» **About this exercise**:
Show each line of the data below that has the string "lemma" in it.

Excerpts from a dataset:
=== Section Start ===
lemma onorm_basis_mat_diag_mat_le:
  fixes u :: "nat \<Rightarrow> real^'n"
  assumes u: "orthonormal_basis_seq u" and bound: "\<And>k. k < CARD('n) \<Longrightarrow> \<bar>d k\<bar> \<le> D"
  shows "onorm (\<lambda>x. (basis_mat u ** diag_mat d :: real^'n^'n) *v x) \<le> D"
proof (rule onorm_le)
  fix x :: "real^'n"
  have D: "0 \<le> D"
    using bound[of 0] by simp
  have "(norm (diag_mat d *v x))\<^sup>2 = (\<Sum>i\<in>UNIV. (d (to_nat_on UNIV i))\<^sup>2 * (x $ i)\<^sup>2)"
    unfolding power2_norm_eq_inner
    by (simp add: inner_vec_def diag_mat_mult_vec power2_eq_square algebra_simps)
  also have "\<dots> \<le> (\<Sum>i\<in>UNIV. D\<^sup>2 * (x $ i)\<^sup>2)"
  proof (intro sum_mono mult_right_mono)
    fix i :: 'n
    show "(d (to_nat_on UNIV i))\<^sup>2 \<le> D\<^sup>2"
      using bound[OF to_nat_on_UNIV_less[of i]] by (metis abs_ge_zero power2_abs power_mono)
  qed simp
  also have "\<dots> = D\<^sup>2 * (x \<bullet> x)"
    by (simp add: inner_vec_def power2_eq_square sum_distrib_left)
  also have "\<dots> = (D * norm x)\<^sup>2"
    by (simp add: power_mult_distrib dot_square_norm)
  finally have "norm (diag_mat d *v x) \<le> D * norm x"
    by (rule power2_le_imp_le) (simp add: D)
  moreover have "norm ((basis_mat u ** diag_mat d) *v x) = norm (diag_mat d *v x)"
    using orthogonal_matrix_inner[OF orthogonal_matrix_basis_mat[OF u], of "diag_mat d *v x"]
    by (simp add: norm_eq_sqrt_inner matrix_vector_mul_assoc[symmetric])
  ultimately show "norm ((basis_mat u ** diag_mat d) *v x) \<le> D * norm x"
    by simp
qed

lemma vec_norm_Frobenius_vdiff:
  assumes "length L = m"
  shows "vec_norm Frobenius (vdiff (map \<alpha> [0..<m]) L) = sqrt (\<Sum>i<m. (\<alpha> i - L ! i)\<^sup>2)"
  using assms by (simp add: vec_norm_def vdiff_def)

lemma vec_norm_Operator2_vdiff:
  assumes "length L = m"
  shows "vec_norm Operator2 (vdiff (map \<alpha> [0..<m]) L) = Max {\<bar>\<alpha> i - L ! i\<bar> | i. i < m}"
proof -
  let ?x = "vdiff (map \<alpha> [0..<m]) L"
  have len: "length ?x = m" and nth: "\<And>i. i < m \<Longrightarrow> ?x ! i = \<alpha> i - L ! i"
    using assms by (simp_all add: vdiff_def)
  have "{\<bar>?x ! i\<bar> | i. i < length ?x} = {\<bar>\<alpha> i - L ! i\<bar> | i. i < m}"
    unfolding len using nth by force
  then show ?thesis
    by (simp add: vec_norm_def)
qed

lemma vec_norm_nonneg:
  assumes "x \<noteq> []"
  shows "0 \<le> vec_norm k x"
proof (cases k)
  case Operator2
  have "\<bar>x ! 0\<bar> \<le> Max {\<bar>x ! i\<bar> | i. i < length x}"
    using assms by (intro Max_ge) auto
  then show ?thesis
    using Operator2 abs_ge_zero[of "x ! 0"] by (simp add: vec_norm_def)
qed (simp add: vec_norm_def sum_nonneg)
=== Section End ===
» **Exercise response**:
lemma onorm_basis_mat_diag_mat_le:
lemma vec_norm_Frobenius_vdiff:
lemma vec_norm_Operator2_vdiff:
lemma vec_norm_nonneg:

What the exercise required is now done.